E il peggio è arrivato poi i giorni dopo. L’acqua che era scesa, piano piano era scesa lasciando questa specie di catrame, questo olio dappertutto sulle strade. Era un disastro
Firenze non c’era più nessun colore al di fuori di un grigio mota
L’alluvione arrrivò e in una notte distrusse l’attività completamente perché l’azienda era in un seminterrato ed era completamente coperta dal fango
Tutto era pieno di fango, la città era tutta silenziosa, marrone, nera, più che altro era piena di petrolio
Si tirava tutti fuori questi mobili, queste cose dagli scantinati, era pazzesco, fu una cosa veramente incredibile
Subito Fantacci si mosse per avere aiuti in America specialmente per gli artigiani
Anche perché c’erano tante piccole aziende artigianali di Firenze che avevano bisogno di aiuto per rimettersi su
Quello che il babbo capì è che andavano aiutati
Tayar, Fantacci e Pucci capirono che se non arrivavano questi finanziamenti le attività produttive avrebbero stentato a rimettersi in moto
Insieme a Emilio Pucci, Enzo Tayar e il babbo fecero la ALFA Fund
Questo Beppe Fantacci fece questa azione e tanti hanno preso coraggio dalle sue parole per non chiudere
Noi siamo riusciti a Firenze ad essere pronti per ripartire dopo poche settimane
Il 4 di Novembre il babbo mi sveglia e mi dice: Nanni, c’è l’alluvione. Il babbo non aveva dormito molto quella notte. Dopo aver aiutato il suo amico Armando Piccini a Ponte Vecchio era tornato a casa e si era probabilmente immaginato quello che sarebbe successo il giorno dopo.
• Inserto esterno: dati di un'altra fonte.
(* Let $f$ be a $\beta$-Hölder smooth function on $[0,1]^d$ with $\frac{\partial^{\bm\alpha}f(\bm\eta/K)}{\bm\alpha!}\in[-1,1]$ for all relevant $\bm\alpha,\bm\eta$. Given $s\in\mathbb{N}^+$, $\bm\alpha\in\mathbb{N}_0^d$ with $\|\bm\alpha\|_1\le s$, $K\in\mathbb{N}$ and $\bm\eta\in\{0,1,\dots,K-1\}^d$, there exists a PQC $U^{\bm\alpha}_{\bm\eta}(\bm x)$ such that $$\langle\bm\eta,0|\langle +|^{\otimes d}\,U^{\bm\alpha}_{\bm\eta}(\bm x)\,|\bm\eta,0\rangle|+\rangle^{\otimes d}=\frac{\partial^{\bm\alpha}f(\bm\eta/K)}{\bm\alpha!}\Bigl(\bm x-\frac{\bm\eta}{K}\Bigr)^{\bm\alpha}.$$ The width of the PQC is $O(d\log K)$, its depth is $O(K^d+s)$, and its number of parameters is at most $K^d+s+d$.
   Context: $\partial^{\bm\alpha}=\partial_1^{\alpha_1}\cdots\partial_d^{\alpha_d}$, $\bm\alpha!=\alpha_1!\cdots\alpha_d!$, $\bm y^{\bm\alpha}=y_1^{\alpha_1}\cdots y_d^{\alpha_d}$. $|\bm\eta\rangle=|\eta_1\rangle\otimes\cdots\otimes|\eta_d\rangle$ with each $|\eta_i\rangle$ a computational basis state on $\lceil\log_2K\rceil$ qubits; $|+\rangle=(|0\rangle+|1\rangle)/\sqrt2$. A parameterized quantum circuit (PQC) is a circuit built from CNOT gates, Hadamard gates and single-qubit gates: Pauli rotations $R_X(\theta)=e^{-i\theta X/2}$, $R_Y$, $R_Z(\theta)=e^{-i\theta Z/2}$ with trainable real angles not depending on the input (possibly controlled on basis states of other registers), or data-encoding gates $S(y)=e^{i\arccos(y)X}=\begin{pmatrix} y & i\sqrt{1-y^2}\\ i\sqrt{1-y^2} & y\end{pmatrix}$ applied to a data value $y$ (here a coordinate of $\bm x-\bm\eta/K$). Width = number of qubits, depth = circuit depth, number of parameters = number of trainable angles. *)

theory Defs
  imports "HOL-Analysis.Analysis"
begin

text \<open>Vectors in R^d are functions nat => real; only coordinates i < d are meaningful,
  points of the cube are normalised to 0 outside {0..<d}.\<close>

definition cube :: "nat \<Rightarrow> (nat \<Rightarrow> real) set" where
  "cube d = {x. (\<forall>i<d. 0 \<le> x i \<and> x i \<le> 1) \<and> (\<forall>i. d \<le> i \<longrightarrow> x i = 0)}"

definition multi_index :: "nat \<Rightarrow> (nat \<Rightarrow> nat) \<Rightarrow> bool" where
  "multi_index d \<alpha> \<longleftrightarrow> (\<forall>i. d \<le> i \<longrightarrow> \<alpha> i = 0)"

definition mi_norm :: "nat \<Rightarrow> (nat \<Rightarrow> nat) \<Rightarrow> nat" where
  "mi_norm d \<alpha> = (\<Sum>i<d. \<alpha> i)"

definition mi_fact :: "nat \<Rightarrow> (nat \<Rightarrow> nat) \<Rightarrow> real" where
  "mi_fact d \<alpha> = (\<Prod>i<d. fact (\<alpha> i))"

definition mono_pow :: "nat \<Rightarrow> (nat \<Rightarrow> real) \<Rightarrow> (nat \<Rightarrow> nat) \<Rightarrow> real" where
  "mono_pow d y \<alpha> = (\<Prod>i<d. (y i) ^ (\<alpha> i))"

definition partial :: "nat \<Rightarrow> ((nat \<Rightarrow> real) \<Rightarrow> real) \<Rightarrow> (nat \<Rightarrow> real) \<Rightarrow> real" where
  "partial i g x = deriv (\<lambda>t. g (x(i := t))) (x i)"

definition dpow :: "nat \<Rightarrow> (nat \<Rightarrow> nat) \<Rightarrow> ((nat \<Rightarrow> real) \<Rightarrow> real) \<Rightarrow> (nat \<Rightarrow> real) \<Rightarrow> real" where
  "dpow d \<alpha> g = foldr (\<lambda>i h. (partial i ^^ \<alpha> i) h) [0..<d] g"

definition grid_point :: "nat \<Rightarrow> nat \<Rightarrow> (nat \<Rightarrow> nat) \<Rightarrow> (nat \<Rightarrow> real)" where
  "grid_point d K \<eta> = (\<lambda>i. if i < d then real (\<eta> i) / real K else 0)"

definition tcoef :: "nat \<Rightarrow> ((nat \<Rightarrow> real) \<Rightarrow> real) \<Rightarrow> (nat \<Rightarrow> nat) \<Rightarrow> (nat \<Rightarrow> real) \<Rightarrow> real" where
  "tcoef d f \<alpha> p = dpow d \<alpha> f p / mi_fact d \<alpha>"

definition eucl_dist :: "nat \<Rightarrow> (nat \<Rightarrow> real) \<Rightarrow> (nat \<Rightarrow> real) \<Rightarrow> real" where
  "eucl_dist d x y = sqrt (\<Sum>i<d. (x i - y i)^2)"

definition holder_smooth :: "nat \<Rightarrow> real \<Rightarrow> ((nat \<Rightarrow> real) \<Rightarrow> real) \<Rightarrow> bool" where
  "holder_smooth d \<beta> f \<longleftrightarrow> 0 < \<beta> \<and>
     (let n = nat (\<lceil>\<beta>\<rceil> - 1) in
       (\<forall>\<alpha>. multi_index d \<alpha> \<and> mi_norm d \<alpha> < n \<longrightarrow>
          (\<forall>x\<in>cube d. \<forall>i<d. (\<lambda>t. dpow d \<alpha> f (x(i := t))) differentiable (at (x i)))) \<and>
       (\<exists>L. \<forall>\<alpha>. multi_index d \<alpha> \<and> mi_norm d \<alpha> = n \<longrightarrow>
          (\<forall>x\<in>cube d. \<forall>y\<in>cube d.
             \<bar>dpow d \<alpha> f x - dpow d \<alpha> f y\<bar> \<le> L * eucl_dist d x y powr (\<beta> - real n))))"

datatype axis = AX | AY | AZ

text \<open>Gates: Hadamard on a qubit; CNOT control target; Pauli rotation with axis, target,
  list of basis-state controls (qubit, required value) and trainable angle;
  data-encoding gate S(y_i) on a target qubit with data coordinate i.\<close>
datatype gate =
    Had nat
  | CNOT nat nat
  | Rot axis nat "(nat \<times> bool) list" real
  | Enc nat nat

text \<open>Single-qubit matrices, indexed by bool (False = |0>, True = |1>), row then column.\<close>
definition hmat :: "bool \<Rightarrow> bool \<Rightarrow> complex" where
  "hmat r c = (if r \<and> c then - 1 / sqrt 2 else 1 / sqrt 2)"

definition rotmat :: "axis \<Rightarrow> real \<Rightarrow> bool \<Rightarrow> bool \<Rightarrow> complex" where
  "rotmat a \<theta> r c = (case a of
      AX \<Rightarrow> (if r = c then cos (\<theta>/2) else - \<i> * sin (\<theta>/2))
    | AY \<Rightarrow> (if r = c then cos (\<theta>/2) else if r then sin (\<theta>/2) else - sin (\<theta>/2))
    | AZ \<Rightarrow> (if r \<noteq> c then 0 else if r then exp (\<i> * \<theta>/2) else exp (- \<i> * \<theta>/2)))"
La sera del 3 Novembre fu una bella serata, se così si può chiamare, perché ci avevano chiamati i vigili che controllavano il Ponte Vecchio fino a mezzanotte, mezzanotte e mezzo dicendo di venire a dare un’occhiata perché l’Arno stava gonfiando. Infatti c’era il ponte che tremava tutto e mentre eravamo lì indecisi “che si fa che non si fa” suonò il campanello e chi ti arriva? Ti arriva Beppe Fantacci, il tuo babbo e dice: “volete una mano?” “Sì, una mano, ma a scappare”
Montiamo in macchina e quando arriviamo a Piazzale Michelangelo proprio su questa balaustra io mi sporgo, guardo il fiume e dico “ma non è possibile” mai mi sarei immaginato quello che i miei occhi hanno visto
Io mi ricordo perfettamente questo affaccio e questo choc, nel senso: io arrivai sorridente perché pensavo ….. poi una volta affacciato….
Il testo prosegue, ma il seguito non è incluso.